Today’s economic crisis finds families working harder yet falling further behind.  News of falling home values, failing corporate and financial institutions, and still-rising unemployment and underemployment only gets at part of the problem.

American workers who could once count on sheer grit and effort to raise their living standards and secure a solid middle-class life, have, instead, been treading water.

“Even before the perfect storm hit Wall Street, housing, and the banks, the economy was already broken for workers,” said Lawrence Mishel, lead author of The State of Working America 2008-09.“That means our challenge won’t end when the recession does. Unless we fix our broken economy so that it will start to provide fair value for work again, working families will keep losing ground.”

The book, published in its final print edition by the Economic Policy Institute and Cornell University Press, strives to show where America’s workers stand today and how they got here.

Co-authored by Mishel, Jared Bernstein and Heidi Shierholz, the book explores the widening gap between the working class and the wealthiest few.

On the potential side, the authors show that during the 2001-07 business cycle the nation’s output (GDP) grew 2.5 percent per month – nearly 20 percent across the full recession and recovery cycle.

If that healthy growth had been broadly shared, it would have benefited people at all income levels. In reality, however, most gains were concentrated among the wealthiest few, making this business cycle the first on record in which inflation-adjusted income for middle-class families was actually lower at the end of the cycle than at its beginning. (The Census Bureau first collected this data in the mid-1940s.)

“The U.S. jobs-creation machine broke down during the business cycle of 2000-07, leaving millions of families facing an enormous and long-lasting threat to their economic security,” said Shierholz. “We need to rebuild our economy with longer-term policies that can move us toward full employment and true shared prosperity.”

Key findings reported in The State of Working America 2008-09 include:

The rich got the lion’s share: About 91 percent of all income growth in the country went to the top 10 percent by income – leaving just over 9 percent to be parceled out among the remaining 90 percent.

Worker output raced ahead but pay trailed farther behind: The typical worker’s compensation (wages plus benefits), which has traditionally risen in sync with productivity gains, began falling behind in the 1970s. Since then the gap has widened dramatically as productivity kept climbing while compensation has remained essentially stagnant.

The CEO-worker pay gap grew by a factor of 10: In 1973, the average CEO was paid $27 for every dollar paid to a typical worker; by 2007 that ratio had grown to $275 to $1.

Young workers now start out behind their peers from previous generations: Young men with only a high school education earned $2.55 less per hour in 2007 (after inflation adjustment) than their predecessors did in 1973 (down from $14.34 to $11.79). Real hourly pay for young women fell $1.05 per hour (from $10.50 to $9.45) over the same period.

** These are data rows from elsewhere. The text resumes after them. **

definition Z0 ::
  "('a,'c) monoid_scheme \<Rightarrow> ('b,'e) monoid_scheme \<Rightarrow> ('a \<Rightarrow> 'b) \<Rightarrow> ('b \<Rightarrow> 'a \<Rightarrow> 'a)
   \<Rightarrow> ('b \<times> ('b \<Rightarrow> 'a)) set" where
  "Z0 G1 G0 d act = {(x, xi). x \<in> carrier G0 \<and> xi \<in> carrier G0 \<rightarrow>\<^sub>E carrier G1 \<and>
     (\<forall>t\<in>carrier G0. d (xi t) = x \<otimes>\<^bsub>G0\<^esub> t \<otimes>\<^bsub>G0\<^esub> inv\<^bsub>G0\<^esub> x \<otimes>\<^bsub>G0\<^esub> inv\<^bsub>G0\<^esub> t) \<and>
     (\<forall>a\<in>carrier G1. xi (d a) = act x a \<otimes>\<^bsub>G1\<^esub> inv\<^bsub>G1\<^esub> a) \<and>
     (\<forall>s\<in>carrier G0. \<forall>t\<in>carrier G0. xi (s \<otimes>\<^bsub>G0\<^esub> t) = xi s \<otimes>\<^bsub>G1\<^esub> act s (xi t))}"

definition Z0grp ::
  "('a,'c) monoid_scheme \<Rightarrow> ('b,'e) monoid_scheme \<Rightarrow> ('a \<Rightarrow> 'b) \<Rightarrow> ('b \<Rightarrow> 'a \<Rightarrow> 'a)
   \<Rightarrow> ('b \<times> ('b \<Rightarrow> 'a)) monoid" where
  "Z0grp G1 G0 d act = \<lparr> carrier = Z0 G1 G0 d act,
     mult = (\<lambda>X Y. (fst X \<otimes>\<^bsub>G0\<^esub> fst Y,
                   \<lambda>t\<in>carrier G0. act (fst X) (snd Y t) \<otimes>\<^bsub>G1\<^esub> snd X t)),
     one = (\<one>\<^bsub>G0\<^esub>, \<lambda>t\<in>carrier G0. \<one>\<^bsub>G1\<^esub>) \<rparr>"

definition deltaZ ::
  "('a,'c) monoid_scheme \<Rightarrow> ('b,'e) monoid_scheme \<Rightarrow> ('a \<Rightarrow> 'b) \<Rightarrow> ('b \<Rightarrow> 'a \<Rightarrow> 'a)
   \<Rightarrow> 'a \<Rightarrow> 'b \<times> ('b \<Rightarrow> 'a)" where
  "deltaZ G1 G0 d act c = (d c, \<lambda>t\<in>carrier G0. c \<otimes>\<^bsub>G1\<^esub> inv\<^bsub>G1\<^esub> (act t c))"

definition actZ :: "('b \<Rightarrow> 'a \<Rightarrow> 'a) \<Rightarrow> 'b \<times> ('b \<Rightarrow> 'a) \<Rightarrow> 'a \<Rightarrow> 'a" where
  "actZ act X a = act (fst X) a"

definition xibar :: "('b,'e) monoid_scheme \<Rightarrow> 'b \<Rightarrow> ('b \<Rightarrow> 'a) \<Rightarrow> 'b \<Rightarrow> 'b \<times> 'a \<times> 'b" where
  "xibar G0 x xi = (\<lambda>y\<in>carrier G0. (y \<otimes>\<^bsub>G0\<^esub> x, xi y, x \<otimes>\<^bsub>G0\<^esub> y))"

definition ZtoC :: "('b,'e) monoid_scheme \<Rightarrow> 'b \<times> ('b \<Rightarrow> 'a) \<Rightarrow> 'b \<times> ('b \<Rightarrow> 'b \<times> 'a \<times> 'b)" where
  "ZtoC G0 X = (fst X, xibar G0 (fst X) (snd X))"

end

theory Submission
  imports Defs
begin

text \<open>
  An element \<open>\<xi>(y) \<in> G\<^sub>1\<close> with \<open>\<partial>\<xi>(y) = [x,y]\<close> is exactly a morphism \<open>yx \<rightarrow> xy\<close> of
  \<open>Cat(G\<^sub>*)\<close>, and it is invertible since \<open>Cat(G\<^sub>*)\<close> is a groupoid. Under this dictionary (Z3) is
  the hexagon condition of the centre, and (Z2) is naturality with respect to the morphisms
  \<open>a : 1 \<rightarrow> \<partial>a\<close> out of the unit object; together with (Z3) and the Peiffer identity
  \<open>\<^sup>\<partial>\<^sup>a b = a b a\<^sup>-\<^sup>1\<close> this already gives naturality with respect to all morphisms. A morphism
  \<open>a : x \<rightarrow> y\<close> is central iff \<open>a \<xi>(t) = \<eta>(t) \<^sup>t a\<close> for all \<open>t\<close>, and by the Peiffer identity
  again this says \<open>\<eta>(t) = \<^sup>\<partial>\<^sup>a \<xi>(t) \<cdot> a (\<^sup>t a)\<^sup>-\<^sup>1\<close>, i.e. \<open>(y,\<eta>) = \<delta>(a)(x,\<xi>)\<close>.
\<close>

locale xmod =
  fixes G1 :: "('a,'c) monoid_scheme" and G0 :: "('b,'e) monoid_scheme"
    and d :: "'a \<Rightarrow> 'b" and act :: "'b \<Rightarrow> 'a \<Rightarrow> 'a"
  assumes crossed_module: "crossed_module G1 G0 d act"
begin

sublocale g1: group G1
  using crossed_module by (simp add: crossed_module_def)

sublocale g0: group G0
  using crossed_module by (simp add: crossed_module_def)

sublocale d: group_hom G1 G0 d
  using crossed_module by (simp add: crossed_module_def group_hom_def group_hom_axioms_def)

lemma act_closed [simp]: "x \<in> carrier G0 \<Longrightarrow> a \<in> carrier G1 \<Longrightarrow> act x a \<in> carrier G1"
  using crossed_module by (simp add: crossed_module_def)

lemma act_mult:
  "x \<in> carrier G0 \<Longrightarrow> a \<in> carrier G1 \<Longrightarrow> b \<in> carrier G1 \<Longrightarrow>
   act x (a \<otimes>\<^bsub>G1\<^esub> b) = act x a \<otimes>\<^bsub>G1\<^esub> act x b"
  using crossed_module by (simp add: crossed_module_def)

lemma act_one [simp]: "a \<in> carrier G1 \<Longrightarrow> act \<one>\<^bsub>G0\<^esub> a = a"
  using crossed_module by (simp add: crossed_module_def)

lemma act_d:
  "a \<in> carrier G1 \<Longrightarrow> b \<in> carrier G1 \<Longrightarrow> act (d b) a = b \<otimes>\<^bsub>G1\<^esub> a \<otimes>\<^bsub>G1\<^esub> inv\<^bsub>G1\<^esub> b"
  using crossed_module by (simp add: crossed_module_def)

lemma act_one_right [simp]: "x \<in> carrier G0 \<Longrightarrow> act x \<one>\<^bsub>G1\<^esub> = \<one>\<^bsub>G1\<^esub>"
  using act_mult[of x "\<one>\<^bsub>G1\<^esub>" "\<one>\<^bsub>G1\<^esub>"] by simp

lemma g1_inv_cancel [simp]:
  "a \<in> carrier G1 \<Longrightarrow> b \<in> carrier G1 \<Longrightarrow> inv\<^bsub>G1\<^esub> a \<otimes>\<^bsub>G1\<^esub> (a \<otimes>\<^bsub>G1\<^esub> b) = b"
  "a \<in> carrier G1 \<Longrightarrow> b \<in> carrier G1 \<Longrightarrow> a \<otimes>\<^bsub>G1\<^esub> (inv\<^bsub>G1\<^esub> a \<otimes>\<^bsub>G1\<^esub> b) = b"
  by (simp_all add: g1.m_assoc[symmetric])

abbreviation "Cat \<equiv> CatXM G1 G0 d act"
abbreviation "ZZ \<equiv> Z0 G1 G0 d act"
abbreviation "ZG \<equiv> Z0grp G1 G0 d act"
abbreviation "\<delta> \<equiv> deltaZ G1 G0 d act"
abbreviation "CatZ \<equiv> CatXM G1 ZG \<delta> (actZ act)"

lemma Cat_simps [simp]:
  "ob Cat = carrier G0"
  "cmp Cat g f = (fst f, fst (snd g) \<otimes>\<^bsub>G1\<^esub> fst (snd f), snd (snd g))"
  "idm Cat x = (x, \<one>\<^bsub>G1\<^esub>, x)"
  "tob Cat x y = x \<otimes>\<^bsub>G0\<^esub> y"
  "tmor Cat f g = (fst f \<otimes>\<^bsub>G0\<^esub> fst g, fst (snd f) \<otimes>\<^bsub>G1\<^esub> act (fst f) (fst (snd g)),
                    snd (snd f) \<otimes>\<^bsub>G0\<^esub> snd (snd g))"
  by (simp_all add: CatXM_def)

lemma hom_Cat_iff:
  "f \<in> hom Cat x y \<longleftrightarrow>
     (\<exists>a. f = (x, a, y) \<and> x \<in> carrier G0 \<and> a \<in> carrier G1 \<and> y = d a \<otimes>\<^bsub>G0\<^esub> x)"
  by (auto simp: CatXM_def)

lemma triple_in_hom_Cat [simp]:
  "(x', a, y') \<in> hom Cat x y \<longleftrightarrow>
     x' = x \<and> y' = y \<and> x \<in> carrier G0 \<and> a \<in> carrier G1 \<and> y = d a \<otimes>\<^bsub>G0\<^esub> x"
  by (auto simp: CatXM_def)

lemma centre_simps [simp]:
  "ob (centre Cat) = {X. ctr_obj Cat X}"
  "hom (centre Cat) X Y = ctr_hom Cat X Y"
  "cmp (centre Cat) = cmp Cat"
  "idm (centre Cat) X = idm Cat (fst X)"
  "tmor (centre Cat) = tmor Cat"
  by (simp_all add: centre_def)

lemma Z0D:
  assumes "(x, xi) \<in> ZZ"
  shows "x \<in> carrier G0"
    and "y \<in> carrier G0 \<Longrightarrow> xi y \<in> carrier G1"
    and "xi \<in> extensional (carrier G0)"
    and "t \<in> carrier G0 \<Longrightarrow> d (xi t) = x \<otimes>\<^bsub>G0\<^esub> t \<otimes>\<^bsub>G0\<^esub> inv\<^bsub>G0\<^esub> x \<otimes>\<^bsub>G0\<^esub> inv\<^bsub>G0\<^esub> t"
    and "a \<in> carrier G1 \<Longrightarrow> xi (d a) = act x a \<otimes>\<^bsub>G1\<^esub> inv\<^bsub>G1\<^esub> a"
    and "s \<in> carrier G0 \<Longrightarrow> t \<in> carrier G0 \<Longrightarrow> xi (s \<otimes>\<^bsub>G0\<^esub> t) = xi s \<otimes>\<^bsub>G1\<^esub> act s (xi t)"
  using assms by (auto simp: Z0_def PiE_def)

lemma Z0grp_mult:
  "X \<otimes>\<^bsub>ZG\<^esub> Y = (fst X \<otimes>\<^bsub>G0\<^esub> fst Y, \<lambda>t\<in>carrier G0. act (fst X) (snd Y t) \<otimes>\<^bsub>G1\<^esub> snd X t)"
  by (simp add: Z0grp_def)

lemma deltaZ_mult:
  assumes "(x, xi) \<in> ZZ" and a: "a \<in> carrier G1"
  shows "\<delta> a \<otimes>\<^bsub>ZG\<^esub> (x, xi) =
           (d a \<otimes>\<^bsub>G0\<^esub> x, \<lambda>t\<in>carrier G0. a \<otimes>\<^bsub>G1\<^esub> xi t \<otimes>\<^bsub>G1\<^esub> inv\<^bsub>G1\<^esub> act t a)"
proof -
  have "act (d a) (xi t) \<otimes>\<^bsub>G1\<^esub> (a \<otimes>\<^bsub>G1\<^esub> inv\<^bsub>G1\<^esub> act t a) =
          a \<otimes>\<^bsub>G1\<^esub> xi t \<otimes>\<^bsub>G1\<^esub> inv\<^bsub>G1\<^esub> act t a" if "t \<in> carrier G0" for t
    using that a Z0D(2)[OF assms(1) that] by (simp add: act_d g1.m_assoc)
  then show ?thesis
    by (simp add: Z0grp_mult deltaZ_def cong: restrict_cong)
qed

lemma xibar_apply [simp]:
  "y \<in> carrier G0 \<Longrightarrow> xibar G0 x xi y = (y \<otimes>\<^bsub>G0\<^esub> x, xi y, x \<otimes>\<^bsub>G0\<^esub> y)"
  by (simp add: xibar_def)

lemma commutator_morphism_iff:
  assumes "x \<in> carrier G0" "y \<in> carrier G0" "c \<in> carrier G1"
  shows "(y \<otimes>\<^bsub>G0\<^esub> x, c, x \<otimes>\<^bsub>G0\<^esub> y) \<in> hom Cat (y \<otimes>\<^bsub>G0\<^esub> x) (x \<otimes>\<^bsub>G0\<^esub> y) \<longleftrightarrow>
           d c = x \<otimes>\<^bsub>G0\<^esub> y \<otimes>\<^bsub>G0\<^esub> inv\<^bsub>G0\<^esub> x \<otimes>\<^bsub>G0\<^esub> inv\<^bsub>G0\<^esub> y"
proof -
  have "x \<otimes>\<^bsub>G0\<^esub> y = d c \<otimes>\<^bsub>G0\<^esub> (y \<otimes>\<^bsub>G0\<^esub> x) \<longleftrightarrow>
          d c = (x \<otimes>\<^bsub>G0\<^esub> y) \<otimes>\<^bsub>G0\<^esub> inv\<^bsub>G0\<^esub> (y \<otimes>\<^bsub>G0\<^esub> x)"
    using assms g0.inv_solve_right[of "d c" "x \<otimes>\<^bsub>G0\<^esub> y" "y \<otimes>\<^bsub>G0\<^esub> x"] by auto
  then show ?thesis
    using assms by (auto simp: g0.inv_mult_group g0.m_assoc)
qed

lemma xibar_in_hom:
  assumes "(x, xi) \<in> ZZ" "y \<in> carrier G0"
  shows "(y \<otimes>\<^bsub>G0\<^esub> x, xi y, x \<otimes>\<^bsub>G0\<^esub> y) \<in> hom Cat (y \<otimes>\<^bsub>G0\<^esub> x) (x \<otimes>\<^bsub>G0\<^esub> y)"
  using commutator_morphism_iff[OF Z0D(1)[OF assms(1)] assms(2) Z0D(2)[OF assms]] Z0D(4)[OF assms]
  by blast

lemma Cat_morphism_is_iso:
  assumes "f \<in> hom Cat x y"
  shows "is_iso Cat f x y"
proof -
  obtain a where f: "f = (x, a, y)" and a: "a \<in> carrier G1" and x: "x \<in> carrier G0"
    and y: "y = d a \<otimes>\<^bsub>G0\<^esub> x"
    using assms by (auto simp: hom_Cat_iff)
  have "(y, inv\<^bsub>G1\<^esub> a, x) \<in> hom Cat y x"
    using a x by (simp add: y g0.m_assoc[symmetric])
  then show ?thesis
    using assms a unfolding is_iso_def by (auto simp: f intro!: bexI[of _ "(y, inv\<^bsub>G1\<^esub> a, x)"])
qed

lemma Z0_naturality:
  assumes "(x, xi) \<in> ZZ" "y \<in> carrier G0" "a \<in> carrier G1"
  shows "act x a \<otimes>\<^bsub>G1\<^esub> xi y = xi (d a \<otimes>\<^bsub>G0\<^esub> y) \<otimes>\<^bsub>G1\<^esub> a"
  using assms Z0D[OF assms(1)] by (simp add: act_d g1.m_assoc)

lemma xibar_nat_iso:
  assumes "(x, xi) \<in> ZZ"
  shows "nat_iso_lr Cat x (xibar G0 x xi)"
  unfolding nat_iso_lr_def
proof (intro conjI ballI)
  fix y assume "y \<in> ob Cat"
  then show "is_iso Cat (xibar G0 x xi y) (tob Cat y x) (tob Cat x y)"
    using Cat_morphism_is_iso[OF xibar_in_hom[OF assms]] by simp
next
  fix y y' f assume "y \<in> ob Cat" "y' \<in> ob Cat" "f \<in> hom Cat y y'"
  then obtain a where "f = (y, a, y')" "a \<in> carrier G1" "y' = d a \<otimes>\<^bsub>G0\<^esub> y" "y \<in> carrier G0"
    by (auto simp: hom_Cat_iff)
  with assms show "cmp Cat (tmor Cat (idm Cat x) f) (xibar G0 x xi y) =
                   cmp Cat (xibar G0 x xi y') (tmor Cat f (idm Cat x))"
    by (simp add: Z0_naturality Z0D(1,2))
qed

Jobs requiring a college degree or some college are at the highest risk of being off-shored: 34 percent  of jobs in the “college degree” category and 38 percent  requiring “some college” are rated as “highly off-shorable.”

The life expectancy gap between the economically best – and worst-off Americans widened significantly – from 2.8 years in 1980 to 4.5 years in 2000.

Four out of 10 adult Americans forgo needed health care due to costs. Among those with below-average incomes that proportion rises to almost 6 out of 10.